Резкий стук в дверь его каюты вырвал Лукана из сна.
— Уходи, — сказал он, или попытался сказать. Язык у него прилип к гортани. Он высвободил его, поморщившись от кислого привкуса. Еще одна ночь, наполненная ромом. На второй неделе плавания их было предостаточно. Капитан судна — добродушный медведь по имени Грациано Грабулли — взял за правило каждый вечер приглашать Лукана к себе в каюту на стаканчик-другой (или несколько) рома. Как и большинство мужчин с талассианских островов, он любил поговорить, в основном о себе и своих различных подвигах и приключениях, которых было много. Лукан был склонен верить некоторым из них (например, рассказу о встрече капитана с черной акулой; у мужчины на предплечье были следы зубов, подтверждающие это), но был уверен, что другие (например, его заявление о том, что он видел легендарный корабль-призрак «Гордость Принца Релайра») были не более чем выдумками. Тем не менее, вряд ли можно было ожидать абсолютной честности от человека, у которого на левом запястье — благодаря любезности Торговой Компании Тамберлин — было клеймо, выдававшее в нем бывшего пирата. К счастью, Грабулли был более щедр на ром, чем на ложь.

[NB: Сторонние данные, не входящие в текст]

definition stationary ::
  "real \<Rightarrow> real \<Rightarrow> real \<Rightarrow> real \<Rightarrow> ('v::euclidean_space \<times> 'v \<times> 'v \<Rightarrow> real) \<Rightarrow> (real \<times> real \<Rightarrow> 'v) \<Rightarrow> bool" where
  "stationary b0 b1 dt dx L u \<longleftrightarrow>
     (\<forall>v. C1_map v \<and> torus_periodic b0 b1 v \<longrightarrow>
        ((\<lambda>\<epsilon>. action b0 b1 dt dx L (\<lambda>p. u p + \<epsilon> *\<^sub>R v p)) has_real_derivative 0) (at 0))"

end

theory Submission
  imports Defs
begin

text \<open>The first variation of \<open>S\<close> at \<open>u\<close> in a periodic direction \<open>v\<close> is the integral of
  \<open>L'(U)(V)\<close>, where \<open>U\<close> and \<open>V\<close> are the stencils \<open>(w(t,x), w(t+\<Delta>t,x), w(t,x+\<Delta>x))\<close> of
  \<open>w = u, v\<close>. Translating the second and third summand by \<open>-\<Delta>t\<close> resp. \<open>-\<Delta>x\<close>, which does not change
  integrals of doubly periodic functions over a period cell, rewrites it as the integral of
  \<open>E(t,x)(v(t,x))\<close> with \<open>E\<close> the discrete Euler-Lagrange expression. So \<open>u\<close> is stationary iff
  \<open>E\<close> is orthogonal to all periodic \<open>C\<^sup>1\<close> test functions, and a periodic fundamental lemma of the
  calculus of variations, with the bumps \<open>(max 0 (cos \<theta> - cos \<theta>\<^sub>0))\<^sup>2\<close> as test functions,
  shows that this happens iff \<open>E = 0\<close>.\<close>

section \<open>Doubly periodic functions\<close>

lemma torus_periodic_lattice:
  assumes "torus_periodic b0 b1 g"
  shows "g (fst p - of_int j * b0, snd p - of_int m * b1) = g p"
proof -
  have "g (fst p - of_int j * b0, x) = g (fst p, x)" for x
  proof -
    interpret periodic_fun_simple "\<lambda>t. g (t, x)" b0
      using assms by unfold_locales (simp add: torus_periodic_def)
    show ?thesis
      using minus_of_int[of "fst p" j] by simp
  qed
  moreover have "g (fst p, snd p - of_int m * b1) = g p"
  proof -
    interpret periodic_fun_simple "\<lambda>x. g (fst p, x)" b1
      using assms by unfold_locales (simp add: torus_periodic_def)
    show ?thesis
      using minus_of_int[of "snd p" m] by simp
  qed
  ultimately show ?thesis
    by simp
qed

lemma lattice_representative_in_cbox:
  fixes p :: "real \<times> real"
  assumes b0: "b0 > 0" and b1: "b1 > 0"
  shows "(fst p - of_int \<lfloor>fst p / b0\<rfloor> * b0, snd p - of_int \<lfloor>snd p / b1\<rfloor> * b1) \<in> cbox (0, 0) (b0, b1)"
  using floor_divide_lower[OF b0, of "fst p"] floor_divide_upper[OF b0, of "fst p"]
    floor_divide_lower[OF b1, of "snd p"] floor_divide_upper[OF b1, of "snd p"]
  by (auto simp: cbox_Pair_eq algebra_simps)

lemma torus_periodic_shift:
  assumes "torus_periodic b0 b1 u"
  shows "torus_periodic b0 b1 (\<lambda>p. u (p + a))"
proof -
  have "u (t + b0 + a0, x + a1) = u (t + a0, x + a1)" "u (t + a0, x + b1 + a1) = u (t + a0, x + a1)" for t x a0 a1
    using assms unfolding torus_periodic_def by (metis add.commute add.left_commute)+
  then show ?thesis
    by (cases a) (simp add: torus_periodic_def)
qed

lemma integral_periodic_shift:
  fixes g :: "real \<Rightarrow> real"
  assumes cont: "continuous_on UNIV g" and per: "\<And>t. g (t + b) = g t" and b: "b > 0"
  shows "integral {0..b} (\<lambda>t. g (t + a)) = integral {0..b} g"
proof -
  define c where "c = min 0 a"
  define I where "I = {c..max 0 a}"
  define G where "G y = integral {c..y} g" for y
  have window: "integral {y..y+b} g = G (y + b) - G y" if "c \<le> y" for y
  proof -
    have "g integrable_on {c..y + b}"
      by (rule integrable_continuous_real, rule continuous_on_subset[OF cont]) simp
    then show ?thesis
      using Henstock_Kurzweil_Integration.integral_combine[of c y "y + b" g] that b
      unfolding G_def by simp
  qed
  have G': "(G has_real_derivative g y) (at y within {c..max 0 a + b})" if "y \<in> {c..max 0 a + b}" for y
    unfolding G_def by (rule integral_has_real_derivative[OF continuous_on_subset[OF cont] that]) auto
  have window_deriv: "((\<lambda>y. G (y + b) - G y) has_real_derivative 0) (at y within I)" if y: "y \<in> I" for y
  proof -
    have "(G has_real_derivative g (y + b)) (at (y + b) within (\<lambda>y. y + b) ` I)"
      by (rule DERIV_subset[OF G']) (use y b in \<open>auto simp: I_def\<close>)
    moreover have "((\<lambda>y. y + b) has_real_derivative 1) (at y within I)"
      by (auto intro!: derivative_eq_intros)
    ultimately have "((G \<circ> (\<lambda>y. y + b)) has_real_derivative g (y + b) * 1) (at y within I)"
      by (rule DERIV_image_chain)
    moreover have "(G has_real_derivative g y) (at y within I)"
      by (rule DERIV_subset[OF G']) (use y b in \<open>auto simp: I_def\<close>)
    ultimately have "((\<lambda>y. G (y + b) - G y) has_real_derivative g (y + b) * 1 - g y) (at y within I)"
      by (simp add: o_def DERIV_diff)
    then show ?thesis using per by simp
  qed
  then obtain k where k: "\<And>y. y \<in> I \<Longrightarrow> G (y + b) - G y = k"
    using has_field_derivative_zero_constant[OF _ window_deriv] unfolding I_def by auto
  then have "integral {a..a+b} g = integral {0..b} g"
    using window[of a] window[of 0] k[of a] k[of 0] by (simp add: I_def c_def)
  then show ?thesis
    using integral_shift_real_ivl[of a a "a + b" g] by simp
qed

lemma integral_cbox_real_pair_iterated:
  fixes f :: "real \<times> real \<Rightarrow> real"
  assumes "continuous_on UNIV f"
  shows "integral (cbox (a0, a1) (b0, b1)) f = integral {a0..b0} (\<lambda>t. integral {a1..b1} (\<lambda>x. f (t, x)))"
    and "integral (cbox (a0, a1) (b0, b1)) f = integral {a1..b1} (\<lambda>x. integral {a0..b0} (\<lambda>t. f (t, x)))"
proof -
  have cf: "continuous_on (cbox (c, d) (c', d')) f" for c d c' d'
    using continuous_on_subset[OF assms] by blast
  show "integral (cbox (a0, a1) (b0, b1)) f = integral {a0..b0} (\<lambda>t. integral {a1..b1} (\<lambda>x. f (t, x)))"
    using integral_prod_continuous[OF cf] by simp
  have "integral (cbox (a0, a1) (b0, b1)) f = integral (cbox (a1, a0) (b1, b0)) (\<lambda>(x, t). f (t, x))"
    using integral_swap_2dim[of a0 a1 b0 b1 "\<lambda>t x. f (t, x)"] cf by simp
  also have "\<dots> = integral {a1..b1} (\<lambda>x. integral {a0..b0} (\<lambda>t. f (t, x)))"
    by (subst integral_prod_continuous)
      (auto simp: split_def intro!: continuous_on_compose2[OF assms] continuous_intros)
  finally show "integral (cbox (a0, a1) (b0, b1)) f = integral {a1..b1} (\<lambda>x. integral {a0..b0} (\<lambda>t. f (t, x)))" .
qed
(* For all disjoint subsets $X_i, X_j \subseteq A$: if $X_i \leadsto X_j$, then for every $S' \subseteq S$, $$\Psi_{X_i \cup X_j}(S') = (\Psi_{X_i} \oslash \Psi_{X_j})\big(\Omega_{X_i \cup X_j}(S')\big).$$
   Context: Let $A$ be a finite set of agents. For each $a \in A$ let $S_a$ be a nonempty finite set, and $S = \prod_{a \in A} S_a$ the set of states. For each $a \in A$ let $\to_a \subseteq S \times S$ be a relation that is either empty or left-total, such that whenever $s \to_a s'$, either $s = s'$ or $s$ and $s'$ differ only in the $a$-component. For $X \subseteq A$ let $\to_X = \bigcup_{a \in X} \to_a$ and $\to_X^*$ its reflexive-transitive closure; for $T \subseteq S$, $(T \to_X) = \{ t' : \exists t \in T,\ t \to_X t'\}$. Orbit operator: $\Omega_X(S') = \{ s' : \exists s \in S',\ s \to_X^* s'\}$. Equilibria operator: $\Psi_X(S') = \{ s \in \Omega_X(S') : \forall s' \in S,\ s \to_X^* s' \implies s' \to_X^* s \}$. $M$-relation: $X \leadsto Y$ iff for every $S' \subseteq S$, with $T = \Psi_X(\Psi_{X \cup Y}(S'))$, one has $(T \to_Y) \subseteq T$. Composition operator: for $X, Y \subseteq A$, let $\rightleftharpoons_X$ be the equivalence relation on $S$ given by $s \rightleftharpoons_X s'$ iff $s \to_X^* s'$ and $s' \to_X^* s$; $[s]_X$ denotes the class of $s$ and $[S']_X = \{[s]_X : s \in S'\}$. On classes define $c \Rightarrow_Y c'$ iff there exist $s \in c$, $s' \in c'$ with $s \to_Y s'$, and let $\Rightarrow_Y^*$ be its reflexive-transitive closure. For $S'' \subseteq S$ let $[\widetilde{\Psi}_Y]_X(S'') = \{ e \in [S'']_X : \{e' : e \Rightarrow_Y^* e'\} \subseteq [S'']_X \text{ and } \forall e' \in [S]_X,\ e \Rightarrow_Y^* e' \implies e' \Rightarrow_Y^* e \}$, and for a set $E$ of subsets of $S$ let $\mathsf{Flatten}(E) = \bigcup_{e \in E} e$. Then $(\Psi_X \oslash \Psi_Y)(S'') = \mathsf{Flatten}\big([\widetilde{\Psi}_Y]_X(\Psi_X(S''))\big)$. *)

theory Defs
  imports "HOL-Library.FuncSet"
begin

text \<open>States are functions from agents to local values; the state space is
  S = PiE A Sa. R a is the transition relation of agent a.\<close>

definition steps :: "('a \<Rightarrow> ('s \<times> 's) set) \<Rightarrow> 'a set \<Rightarrow> ('s \<times> 's) set" where
  "steps R X = (\<Union>a\<in>X. R a)"

definition reach :: "('a \<Rightarrow> ('s \<times> 's) set) \<Rightarrow> 'a set \<Rightarrow> ('s \<times> 's) set" where
  "reach R X = (steps R X)\<^sup>*"

definition post :: "('a \<Rightarrow> ('s \<times> 's) set) \<Rightarrow> 'a set \<Rightarrow> 's set \<Rightarrow> 's set" where
  "post R X T = {t'. \<exists>t\<in>T. (t, t') \<in> steps R X}"

definition Omega :: "('a \<Rightarrow> ('s \<times> 's) set) \<Rightarrow> 'a set \<Rightarrow> 's set \<Rightarrow> 's set" where
  "Omega R X S' = {s'. \<exists>s\<in>S'. (s, s') \<in> reach R X}"

definition Psi :: "'s set \<Rightarrow> ('a \<Rightarrow> ('s \<times> 's) set) \<Rightarrow> 'a set \<Rightarrow> 's set \<Rightarrow> 's set" where
  "Psi S R X S' = {s \<in> Omega R X S'. \<forall>s'\<in>S. (s, s') \<in> reach R X \<longrightarrow> (s', s) \<in> reach R X}"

В дверь снова постучали, медленнее и более обдуманно.
— Отвали, — крикнул Лукан. Он поерзал в гамаке, недовольный тем, как скрутило его желудок. В висках медленно нарастала боль.
Дверь со скрипом отворилась.
Милосердие Леди.
Он открыл глаза, щурясь от солнечного света, проникавшего через единственный иллюминатор и освещавшего крошечную каюту, которая была его домом последние две недели. Грабулли обещал ему покои, достойные короля, но каюта едва ли подходила для крыс, которые прятались в ее углах. Лукан видел кладовки побольше. И более чистые.
Он моргнул, увидев фигуру, стоящую в дверном проеме, и узнал хрупкую фигурку судовой горничной.
— Я, кажется, сказал тебе, чтобы ты проваливала, — сказал он.
Девочка пожала плечами и жестом показала Я тебя не слышу.
— Слышишь, слышишь. Может, ты и немая, но я знаю, что ты не глухая.
Девочка, не обращая на него внимания, подошла к его комоду, который вместе с табуретом был единственной мебелью в каюте. Она взяла кинжал, который Лукан выиграл у одного из членов команды в первые дни плавания, еще до того, как они начали отказываться играть с ним, и повертела его в руках, разглядывая гранат, украшавший его рукоять.
— Положи его на место.
Девочка подчинилась, с преувеличенной осторожностью положив кинжал обратно на комод.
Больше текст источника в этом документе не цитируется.